From a quick view at the business, Lenzing looks like a modern textile business that is catering to new trends. Given the investments, we could expect strong growth over time which is a gives a positive mark to the business from that perspective. Alongside economic growth, a growing demand for eco products and the recycling capacity of wood fibre, the future might be bright for Lenzing. But, textiles are a highly competitive environment and it is really hard to create or keep an advantage.
Let’s take a look at the fundamentals and see whether it is worth the wait to be a Lenzing shareholder.
Lenzing stock fundamental analysis
As fibre prices declined over 1H 2020, so did Lenzing’s revenue. Consequently, EBITDA fell 46.4% but earnings per share remained positive even if those fell from 2.97 EUR in 1H 2019 to 6 cents over the last 6 months. When earnings remain positive, it is unlikely the company will be in big trouble. However, the market usually doesn’t know how to price a company without earnings and the stock is usually sold off. This often creates opportunities.
Cash flows have been positive if we exclude the extremely high capital expenditures of 268.7 million EUR. The good thing is that liquid assets are high at 594 million EUR but the bad factor is that net debt went from 511 million at the end of 2019 to the current 809 million EUR.
809 million in debt is still manageable on total assets of 3.4 billion EUR and equity of 1.4 billion, so if the company keeps access to cheap European money, there should be no going concern issues.
A look at the historical fundamentals tells us how the company can’t find growth and that the focus is on the dividend. More about the dividend below.
Net income is volatile as is the fibre market but the company has been increasing its dividend and rewarding shareholders.
The negative thing with Lenzing is the high capital intensity while revenues haven’t been growing over the past decade. The company spend 2.3 billion EUR on capital expenditures over the last 10 years and keeps spending. That is almost double the current market capitalization so the return on capital invested isn’t that high. This is probably because Lenzing operates in a highly competitive environment like fibre.
Lenzing has been a strong dividend payer in the past and the 2019 dividend gives a double-digit yield on the current price. If things return to pre COVID-19, Lenzing might reward shareholders very well.
However, as long as cotton prices remain low, so will Lenzing’s margins remain low and one can’t expect to see the 5 EUR dividend soon. But, if and when that happens, I think the stock will be at 100 EUR and above again.
Given the volatility the business has survived in the past due to commodity price cycles, I don’t see why this time things would be different.
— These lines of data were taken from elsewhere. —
text \<open>Every \<open>pin n\<close> is an odd polynomial, so its moments reduce to these.\<close>
lemma has_integral_odd_moment:
  assumes b: "b > 0"
  shows "((\<lambda>L. L ^ j * (exp (- (b * L)) * sqrt (2 * b * L) ^ (2 * k + 1))) has_integral
    sqrt 2 * 2 ^ k * Gamma (real (j + k) + 3/2) / b ^ (j + 1)) {0..}"
proof -
  let ?c = "sqrt 2 * sqrt b * (2 * b) ^ k"
  have "?c * (Gamma (real (j + k) + 3/2) / (b ^ (j + k + 1) * sqrt b))
      = sqrt 2 * 2 ^ k * Gamma (real (j + k) + 3/2) / b ^ (j + 1)"
  proof -
    have "b ^ (j + k + 1) = b ^ (j + 1) * b ^ k" by (simp add: power_add)
    then show ?thesis using b by (simp add: power_mult_distrib divide_simps)
  qed
  then have "((\<lambda>L. ?c * (sqrt L * L ^ (j + k) * exp (- (b * L)))) has_integral
      sqrt 2 * 2 ^ k * Gamma (real (j + k) + 3/2) / b ^ (j + 1)) {0..}"
    using has_integral_mult_right[OF has_integral_sqrt_mult_power_exp[OF b], of ?c "j + k"] by simp
  moreover have "?c * (sqrt L * L ^ (j + k) * exp (- (b * L)))
      = L ^ j * (exp (- (b * L)) * sqrt (2 * b * L) ^ (2 * k + 1))" if "L \<in> {0..}" for L
  proof -
    have "sqrt (2 * b * L) ^ (2 * k + 1) = (sqrt (2 * b * L) ^ 2) ^ k * sqrt (2 * b * L)"
      by (simp add: power_add power_mult)
    also have "\<dots> = (2 * b * L) ^ k * (sqrt 2 * sqrt b * sqrt L)"
      using that b by (simp add: real_sqrt_mult [symmetric])
    finally show ?thesis by (simp add: power_add power_mult_distrib)
  qed
  ultimately show ?thesis by (rule has_integral_eq[rotated])
qed

lemma integrable_power_mult_exp:
  fixes b :: real
  assumes b: "b > 0"
  shows "(\<lambda>L. L ^ j * exp (- (b * L))) integrable_on {0..}"
proof (cases j)
  case 0
  then show ?thesis using integrable_on_exp_minus_to_infinity[of b 0] b by simp
next
  case (Suc i)
  have I: "((\<lambda>L. L powr (real j + 1 - 1) * exp (- (b * L))) has_integral
      Gamma (real j + 1) / b powr (real j + 1)) {0..}"
    by (rule has_integral_powr_exp_scaled[OF b]) simp
  have pw: "L powr real j = L ^ j" if "L \<ge> 0" for L :: real
  proof (cases "L = 0")
    case False
    with that show ?thesis by (simp add: powr_realpow)
  qed (simp add: Suc)
  have "((\<lambda>L. L ^ j * exp (- (b * L))) has_integral Gamma (real j + 1) / b powr (real j + 1)) {0..}"
    using I by (rule has_integral_eq[rotated]) (simp add: pw)
  then show ?thesis by blast
qed

lemma has_integral_atLeast_0_dominated_limit:
  fixes f h :: "real \<Rightarrow> real"
  assumes h: "h integrable_on {0..}"
    and le: "\<And>x. x \<ge> 0 \<Longrightarrow> \<bar>f x\<bar> \<le> h x"
    and F: "\<And>R. R \<ge> 0 \<Longrightarrow> (f has_integral F R) {0..R}"
    and lim: "(\<lambda>n. F (real n)) \<longlonglongrightarrow> l"
  shows "(f has_integral l) {0..}"
proof (rule has_integral_dominated_convergence
    [where f = "\<lambda>k x. if x \<in> {0..real k} then f x else 0", OF _ h _ _ lim])
  fix k :: nat
  have "{0..real k} \<inter> {0..} = {0..real k}" by auto
  then show "((\<lambda>x. if x \<in> {0..real k} then f x else 0) has_integral F (real k)) {0..}"
    unfolding has_integral_restrict_Int using F[of "real k"] by simp
  show "\<forall>x\<in>{0..}. norm (if x \<in> {0..real k} then f x else 0) \<le> h x"
    using le by (auto intro: order_trans[OF _ le])
next
  show "\<forall>x\<in>{0..}. (\<lambda>k. if x \<in> {0..real k} then f x else 0) \<longlonglongrightarrow> f x"
  proof
    fix x :: real assume x: "x \<in> {0..}"
    obtain N :: nat where N: "x \<le> real N" using real_arch_simple by blast
    have "eventually (\<lambda>k. (if x \<in> {0..real k} then f x else 0) = f x) sequentially"
      using eventually_ge_at_top[of N] by eventually_elim (use x N in auto)
    then show "(\<lambda>k. if x \<in> {0..real k} then f x else 0) \<longlonglongrightarrow> f x"
      by (rule tendsto_eventually)
  qed
qed

lemma has_real_derivative_comp_sqrt:
  assumes b: "b > 0" and L: "L > 0"
    and d: "(\<Phi> has_real_derivative \<phi>) (at (sqrt (2 * b * L)))"
  shows "((\<lambda>L. \<Phi> (sqrt (2 * b * L))) has_real_derivative \<phi> * b / sqrt (2 * b * L)) (at L)"
proof -
  have "2 * b * L > 0" using b L by simp
  then have "((\<lambda>L. sqrt (2 * b * L)) has_real_derivative inverse (sqrt (2 * b * L)) / 2 * (2 * b)) (at L)"
    by (intro DERIV_chain2[where f = sqrt, OF DERIV_real_sqrt]) (auto intro!: derivative_eq_intros)
  from DERIV_chain2[OF d this] show ?thesis by (simp add: field_simps)
qed

lemma has_integral_zero_by_antiderivative:
  fixes f h \<Phi> \<phi> :: "real \<Rightarrow> real"
  assumes b: "b > 0"
    and h: "h integrable_on {0..}" and le: "\<And>L. L \<ge> 0 \<Longrightarrow> \<bar>f L\<bar> \<le> h L"
    and d: "\<And>t. (\<Phi> has_real_derivative \<phi> t) (at t)"
    and f: "\<And>L. L > 0 \<Longrightarrow> \<phi> (sqrt (2 * b * L)) * b / sqrt (2 * b * L) = f L"
    and \<Phi>0: "\<Phi> 0 = 0" and lim: "(\<Phi> \<longlongrightarrow> 0) at_top"
  shows "(f has_integral 0) {0..}"
proof (rule has_integral_atLeast_0_dominated_limit[OF h le,
    where F = "\<lambda>R. \<Phi> (sqrt (2 * b * R)) - \<Phi> (sqrt (2 * b * 0))"])
  have cont: "continuous_on UNIV \<Phi>"
    using d by (metis DERIV_isCont continuous_at_imp_continuous_on)
  fix R :: real assume R: "R \<ge> 0"
  show "(f has_integral \<Phi> (sqrt (2 * b * R)) - \<Phi> (sqrt (2 * b * 0))) {0..R}"
  proof (rule fundamental_theorem_of_calculus_interior[OF R])
    show "continuous_on {0..R} (\<lambda>L. \<Phi> (sqrt (2 * b * L)))"
      by (rule continuous_on_compose2[OF cont]) (auto intro!: continuous_intros)
    fix x assume x: "x \<in> {0<..<R}"
    then have "((\<lambda>L. \<Phi> (sqrt (2 * b * L))) has_real_derivative f x) (at x)"
      using has_real_derivative_comp_sqrt[OF b _ d[of "sqrt (2 * b * x)"]] f[of x] by auto
    then show "((\<lambda>L. \<Phi> (sqrt (2 * b * L))) has_vector_derivative f x) (at x)"
      by (simp add: has_real_derivative_iff_has_vector_derivative)
  qed
next
  have "filterlim (\<lambda>k::nat. 2 * b * real k) at_top sequentially"
    by (rule filterlim_tendsto_pos_mult_at_top[OF tendsto_const])
      (use b in \<open>auto intro: filterlim_real_sequentially\<close>)
  then have "filterlim (\<lambda>k::nat. sqrt (2 * b * real k)) at_top sequentially"
    using filterlim_compose[OF sqrt_at_top] by auto
  then show "(\<lambda>k. \<Phi> (sqrt (2 * b * real k)) - \<Phi> (sqrt (2 * b * 0))) \<longlonglongrightarrow> 0"
    using filterlim_compose[OF lim] \<Phi>0 by simp
qed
Lenzing stock investment conclusion
The key when investing in Lenzing is to watch for the time when things start to improve because that is the best time to buy a cyclical stock.
When earnings start to grow, the dividend is reinstated and increased, the market starts projecting such trends into perpetuity as it quickly forgets this is a cyclical. As it did forget it is a cyclical now and sold off because the dividend has been cut and there are no earnings. Peter Lynch, one of the best investors of all time, loved to buy such forgotten cyclicals because at some point in time, the investment return can be stellar, like it was the case from 2014 to 2017. So, if you fancy keeping an eye on a cyclical stock, Lenzing might be for you.